Christians become members of God’s covenant family by receiving the Son’s status: righteous sonship. Jesus Christ was the righteous Son the Father always wanted Israel, and Adam, to be. . . Sons and daughters in Christ, we have Christ’s righteousness standing before God and unity with one another as members of Christ's one body.


In resurrecting Christ, God fulfills the promise typologically expressed in the psalms that if the Davidic King obeys God’s Torah, meditating on it day and night, He would satisfy the king with long life. He would be given eternal life and set over all of creation as its ruler. To be resurrected is to reverse the curse of Genesis 2:17 that the one who sins will die. In this way, Christ is vindicated and declared the Son of God in power (Romans 1:4, Acts 2:32), proving that He was the obedient Adam who deserves and merited authority and dominion over all the earth, just as Adam was supposed to achieve. He won the New Creation through His obedience and thus is resurrected as the start, the firstfruits of the New Creation (Col. 1:18, Rev. 3:14). He is the obedient Adam, the true Israel, the obedient Davidic Messiah, who has been proclaimed as such by His resurrection, evidencing that He merited eternal life through His perfect Torah obedience and thus His obedience is counted to us who are represented by Him even as His death is and thus we are forensically justified in Him because He was forensically justified by God when He was declared righteous before Him in His resurrection. God condemned Christ and our sins in Him when He died, and He justified Christ due to HIs obedience when He was raised.

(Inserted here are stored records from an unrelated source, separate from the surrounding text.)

(* The scaling law for root multiplicities is only available for complex matrices
   (via Jordan normal forms), hence the detour through complex_of_real. *)
lemma proots_char_poly_smult:
  fixes A :: "real mat"
  assumes A: "A \<in> carrier_mat n n" and k: "k \<noteq> 0"
  shows "proots (char_poly (k \<cdot>\<^sub>m A)) = image_mset ((*) k) (proots (char_poly A))"
proof (rule multiset_eqI)
  fix y
  interpret of_real_poly: map_poly_inj_idom_divide_hom complex_of_real by unfold_locales auto
  have kA: "k \<cdot>\<^sub>m A \<in> carrier_mat n n" using A by simp
  have nonzero: "char_poly A \<noteq> 0" "char_poly (k \<cdot>\<^sub>m A) \<noteq> 0"
    using degree_monic_char_poly[OF A] degree_monic_char_poly[OF kA] by auto
  have "count (image_mset ((*) k) (proots (char_poly A))) y = count (proots (char_poly A)) (y / k)"
    using count_image_mset_inj[of "(*) k" _ "y / k"] k by (simp add: inj_def)
  also have "\<dots> = order (complex_of_real (y / k)) (char_poly (map_mat complex_of_real A))"
    using nonzero by (auto simp: of_real_hom.char_poly_hom[OF A] of_real_poly.order_hom simp del: of_real_divide)
  also have "\<dots> = order (complex_of_real y) (char_poly (complex_of_real k \<cdot>\<^sub>m map_mat complex_of_real A))"
    using order_char_poly_smult[of "map_mat complex_of_real A" n "complex_of_real k"] A k by simp
  also have "complex_of_real k \<cdot>\<^sub>m map_mat complex_of_real A = map_mat complex_of_real (k \<cdot>\<^sub>m A)"
    by (rule eq_matI) auto
  also have "order (complex_of_real y) (char_poly \<dots>) = count (proots (char_poly (k \<cdot>\<^sub>m A))) y"
    using nonzero by (auto simp: of_real_hom.char_poly_hom[OF kA] of_real_poly.order_hom)
  finally show "count (proots (char_poly (k \<cdot>\<^sub>m A))) y = count (image_mset ((*) k) (proots (char_poly A))) y"
    by simp
qed

lemma eigenvalue_real_symmetric_in_Reals:
  fixes A :: "real mat"
  assumes A: "A \<in> carrier_mat n n" and sym: "transpose_mat A = A"
    and ev: "eigenvalue (map_mat complex_of_real A) a"
  shows "a \<in> \<real>"
proof -
  let ?A = "map_mat complex_of_real A"
  have A': "?A \<in> carrier_mat n n" and sym': "transpose_mat ?A = ?A"
    using A sym by (auto simp: map_mat_transpose)
  from ev obtain v where v: "v \<in> carrier_vec n" "v \<noteq> 0\<^sub>v n" "?A *\<^sub>v v = a \<cdot>\<^sub>v v"
    unfolding eigenvalue_def eigenvector_def using A by auto
  have conjugate_Av: "conjugate (?A *\<^sub>v v) = ?A *\<^sub>v conjugate v"
    by (rule eq_vecI) (use A v(1) in \<open>auto simp: scalar_prod_def cnj_sum\<close>)
  have "a * (v \<bullet>c v) = (?A *\<^sub>v v) \<bullet>c v"
    using v by simp
  also have "\<dots> = (transpose_mat ?A *\<^sub>v v) \<bullet> conjugate v"
    by (simp only: sym')
  also have "\<dots> = v \<bullet> conjugate (?A *\<^sub>v v)"
    unfolding conjugate_Av by (rule transpose_vec_mult_scalar[OF A']) (use v in auto)
  also have "\<dots> = cnj a * (v \<bullet>c v)"
    using v by (simp add: conjugate_smult_vec)
  finally have "a * (v \<bullet>c v) = cnj a * (v \<bullet>c v)" .
  moreover have "v \<bullet>c v \<noteq> 0"
    using v by simp
  ultimately show ?thesis
    by (simp add: Reals_cnj_iff)
qed

lemma proots_prod_list_linear_factors:
  "proots (\<Prod>a\<leftarrow>as. [:- a, 1:]) = mset (as :: 'a :: idom list)"
proof (induction as)
  case (Cons a as)
  have "(\<Prod>a\<leftarrow>as. [:- a, 1:]) \<noteq> 0" by (auto simp: prod_list_zero_iff)
  with Cons show ?case by (simp add: proots_mult del: mult_pCons_left)
qed simp

lemma size_proots_char_poly_symmetric:
  fixes A :: "real mat"
  assumes A: "A \<in> carrier_mat n n" and sym: "transpose_mat A = A"
  shows "size (proots (char_poly A)) = n"
proof -
  interpret of_real_poly: map_poly_inj_idom_divide_hom complex_of_real by unfold_locales auto
  let ?A = "map_mat complex_of_real A"
  have A': "?A \<in> carrier_mat n n" using A by simp
  obtain as where factored: "char_poly ?A = (\<Prod>a\<leftarrow>as. [:- a, 1:])" and "length as = n"
    using char_poly_factorized[OF A'] by blast
  have nonzero: "char_poly A \<noteq> 0" "char_poly ?A \<noteq> 0"
    using degree_monic_char_poly[OF A] degree_monic_char_poly[OF A'] by auto
  have roots: "proots (char_poly ?A) = mset as"
    unfolding factored by (rule proots_prod_list_linear_factors)
  have "a \<in> \<real>" if "a \<in> set as" for a
  proof (rule eigenvalue_real_symmetric_in_Reals[OF A sym])
    have "a \<in># proots (char_poly ?A)" using that roots by simp
    then show "eigenvalue ?A a" using nonzero by (simp add: eigenvalue_root_char_poly[OF A'])
  qed
  then have as: "as = map complex_of_real (map Re as)"
    by (auto intro: nth_equalityI simp: Reals_def)
  have "proots (char_poly A) = mset (map Re as)"
  proof (rule multiset_eqI)
    fix x
    have "count (proots (char_poly A)) x = order (complex_of_real x) (char_poly ?A)"
      using nonzero by (simp add: of_real_hom.char_poly_hom[OF A] of_real_poly.order_hom)
    also have "\<dots> = count (mset as) (complex_of_real x)"
      using nonzero(2) roots by (metis count_proots)
    also have "mset as = image_mset complex_of_real (mset (map Re as))"
      using as by (metis mset_map)
    also have "count \<dots> (complex_of_real x) = count (mset (map Re as)) x"
      by (rule count_image_mset_inj) (auto simp: inj_def)
    finally show "count (proots (char_poly A)) x = count (mset (map Re as)) x" .
  qed
  with \<open>length as = n\<close> show ?thesis by simp
qed

lemma singular_value_smult:
  fixes X :: "real mat"
  assumes X: "X \<in> carrier_mat n m" and c: "c > 0" and k: "1 \<le> k" "k \<le> n"
  shows "singular_value (c \<cdot>\<^sub>m X) k = c * singular_value X k"
proof -
  let ?G = "X * transpose_mat X"
  have G: "?G \<in> carrier_mat n n" using X by simp
  have sym: "transpose_mat ?G = ?G"
    using X by (simp add: transpose_mult[of X n m "transpose_mat X" n])
  have gram: "(c \<cdot>\<^sub>m X) * transpose_mat (c \<cdot>\<^sub>m X) = (c * c) \<cdot>\<^sub>m ?G"
    by (rule eq_matI) (use X in \<open>auto simp: scalar_prod_def sum_distrib_left ac_simps\<close>)
  have roots: "proots (char_poly ((c * c) \<cdot>\<^sub>m ?G)) = image_mset ((*) (c * c)) (proots (char_poly ?G))"
    by (rule proots_char_poly_smult[OF G]) (use c in simp)
  have mono: "mono ((*) (c * c))" using c by (auto intro: monoI mult_left_mono)
  define L where "L = sorted_list_of_multiset (proots (char_poly ?G))"
  have "length L = n"
    using size_proots_char_poly_symmetric[OF G sym] unfolding L_def
    by (metis mset_sorted_list_of_multiset size_mset)
  have "singular_value (c \<cdot>\<^sub>m X) k = sqrt (rev (map ((*) (c * c)) L) ! (k - 1))"
    unfolding singular_value_def gram roots sorted_list_of_multiset_image_mset_mono[OF mono] L_def ..
  also have "\<dots> = c * sqrt (rev L ! (k - 1))"
    using k \<open>length L = n\<close> c by (simp add: rev_map real_sqrt_mult)
  also have "\<dots> = c * singular_value X k" unfolding singular_value_def L_def ..
  finally show ?thesis .
qed

lemma cond_smult:
  assumes X: "X \<in> carrier_mat n m" and c: "c > 0" and "n > 0"
  shows "cond (c \<cdot>\<^sub>m X) = cond X"
  using singular_value_smult[OF X c, of 1] singular_value_smult[OF X c, of n] X assms
  by (auto simp: cond_def)

lemma hcat_carrier: "hcat s d M X \<in> carrier_mat s (M * d)"
  unfolding hcat_def by simp

lemma hcat_cong:
  assumes "\<And>m. 1 \<le> m \<Longrightarrow> m \<le> M \<Longrightarrow> X m = Y m"
  shows "hcat s d M X = hcat s d M Y"
  unfolding hcat_def by (rule eq_matI) (auto simp: assms less_mult_imp_div_less Suc_leI)

theorem proposition5:
  fixes P :: "'w measure"
    and s d :: nat
    and \<alpha> :: "nat \<Rightarrow> real"
    and B H C :: "nat \<Rightarrow> 'w \<Rightarrow> real mat"
  assumes "prob_space P"
    and "0 < s" and "s < d"
    and alpha_pos: "\<And>m. m \<ge> 1 \<Longrightarrow> \<alpha> m > 0"
    and B_dim: "\<And>m \<omega>. m \<ge> 1 \<Longrightarrow> \<omega> \<in> space P \<Longrightarrow> B m \<omega> \<in> carrier_mat s d"
    and H_dim: "\<And>m \<omega>. m \<ge> 1 \<Longrightarrow> \<omega> \<in> space P \<Longrightarrow> H m \<omega> \<in> carrier_mat s s"
    and H_rv: "\<And>m i j. m \<ge> 1 \<Longrightarrow> i < s \<Longrightarrow> j < s \<Longrightarrow>
                 (\<lambda>\<omega>. H m \<omega> $$ (i, j)) \<in> borel_measurable P"
    and B_indep: "prob_space.indep_vars P (\<lambda>_. borel)
                    (\<lambda>(m, i, j) \<omega>. B m \<omega> $$ (i, j)) {(m, i, j). m \<ge> 1 \<and> i < s \<and> j < d}"
    and B_offdiag: "\<And>m i j. m \<ge> 1 \<Longrightarrow> i < s \<Longrightarrow> j < d \<Longrightarrow> i \<noteq> j \<Longrightarrow>
                 distributed P lborel (\<lambda>\<omega>. B m \<omega> $$ (i, j)) (normal_density 0 (sqrt (1 / \<alpha> m)))"
    and B_diag: "\<And>m i. m \<ge> 1 \<Longrightarrow> i < s \<Longrightarrow>
                 distributed P lborel (\<lambda>\<omega>. B m \<omega> $$ (i, i))
                   (normal_density (1 / sqrt (\<alpha> m)) (sqrt (1 / \<alpha> m)))"
    and C_def: "\<And>m \<omega>. m \<ge> 1 \<Longrightarrow> \<omega> \<in> space P \<Longrightarrow>
                 C m \<omega> = sqrt (\<alpha> m) \<cdot>\<^sub>m B m \<omega> - rect_id s d"
    and hyp: "\<And>M. M \<ge> 1 \<Longrightarrow>
                 (\<integral>\<^sup>+ \<omega>. cond (hcat s d M (\<lambda>m. H m \<omega> * (C m \<omega> + rect_id s d))) \<partial>P)
               > (\<integral>\<^sup>+ \<omega>. cond (hcat s d M (\<lambda>m. C m \<omega> + rect_id s d)) \<partial>P)"
  shows "\<forall>M \<ge> 1.
           (\<integral>\<^sup>+ \<omega>. cond ((1 / real M) \<cdot>\<^sub>m hcat s d M (\<lambda>m. sqrt (\<alpha> m) \<cdot>\<^sub>m (H m \<omega> * B m \<omega>))) \<partial>P)
         > (\<integral>\<^sup>+ \<omega>. cond ((1 / real M) \<cdot>\<^sub>m hcat s d M (\<lambda>m. sqrt (\<alpha> m) \<cdot>\<^sub>m B m \<omega>)) \<partial>P)"
proof -
  have scaled_B: "C m \<omega> + rect_id s d = sqrt (\<alpha> m) \<cdot>\<^sub>m B m \<omega>" if "m \<ge> 1" "\<omega> \<in> space P" for m \<omega>
    using C_def[OF that] B_dim[OF that] by (auto intro!: eq_matI simp: rect_id_def)
  have H_scaled_B: "H m \<omega> * (sqrt (\<alpha> m) \<cdot>\<^sub>m B m \<omega>) = sqrt (\<alpha> m) \<cdot>\<^sub>m (H m \<omega> * B m \<omega>)"
    if "m \<ge> 1" "\<omega> \<in> space P" for m \<omega>
    using H_dim[OF that] B_dim[OF that] by (rule mult_smult_distrib)
  have cond_scaled_hcat: "cond ((1 / real M) \<cdot>\<^sub>m hcat s d M X) = cond (hcat s d M X)"
    if "M \<ge> 1" for M X
    by (rule cond_smult[OF hcat_carrier]) (use that \<open>0 < s\<close> in auto)
  have eavesdropper:
    "(\<integral>\<^sup>+ \<omega>. cond ((1 / real M) \<cdot>\<^sub>m hcat s d M (\<lambda>m. sqrt (\<alpha> m) \<cdot>\<^sub>m (H m \<omega> * B m \<omega>))) \<partial>P)
     = (\<integral>\<^sup>+ \<omega>. cond (hcat s d M (\<lambda>m. H m \<omega> * (C m \<omega> + rect_id s d))) \<partial>P)" if "M \<ge> 1" for M
    using that by (intro nn_integral_cong)
      (auto simp: cond_scaled_hcat scaled_B H_scaled_B intro!: arg_cong[of _ _ cond] hcat_cong)
  have server:
    "(\<integral>\<^sup>+ \<omega>. cond ((1 / real M) \<cdot>\<^sub>m hcat s d M (\<lambda>m. sqrt (\<alpha> m) \<cdot>\<^sub>m B m \<omega>)) \<partial>P)
     = (\<integral>\<^sup>+ \<omega>. cond (hcat s d M (\<lambda>m. C m \<omega> + rect_id s d)) \<partial>P)" if "M \<ge> 1" for M
    using that by (intro nn_integral_cong)
      (auto simp: cond_scaled_hcat scaled_B intro!: arg_cong[of _ _ cond] hcat_cong)
  show ?thesis
    using hyp by (simp add: eavesdropper server)
qed

end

In short, whatever is legally true of Christ is legally true of us. When Christ received the judicial verdict of condemnation in His death, so did we. Yet He did not remain under his verdict. If He did, then we also remain under the verdict of condemnation that was brought against Him. But, no, He was resurrected due to His perfect obedience. And thus He received the judicial verdict of justification in His resurrection, and so we receive this same verdict in Him when we first believe.


So praise God for Easter. We would be condemned without it. But because He lives, so do we. And because He was raised, so shall we rise again, not because of anything that we have done, but solely because of His perfect obedience. We died with Him in judgment and rose with Him in justification.


“I am the resurrection and the life; he who believes in Me will live even if he dies" John 11:25




Edit: I do want to qualify that my language about Christ being condemned and us in Him can probably be admitted but should probably be understood as a "for all we know" type of thing. I do not want to say that Christ was actually judicially condemned by God in Sheol, but instead that He paid the penalty for our sins in full at the cross.


I feel this post to be inadequate and not what I was hoping for. So, here are my suggestions for further reading:


  • A New Testament Biblical Theology by G. K. Beale

  • Why Did Jesus Live a Perfect Life? by Brandon Crowe

  • The Last Adam by Brandon Crowe

  • I know Richard Gaffin is great on this, but I’ve never actually read anything he’s written.

  • I know Matthew Barrett has a chapter on this in The Doctrine on Which the Church Stands or Falls, but I have not yet read it.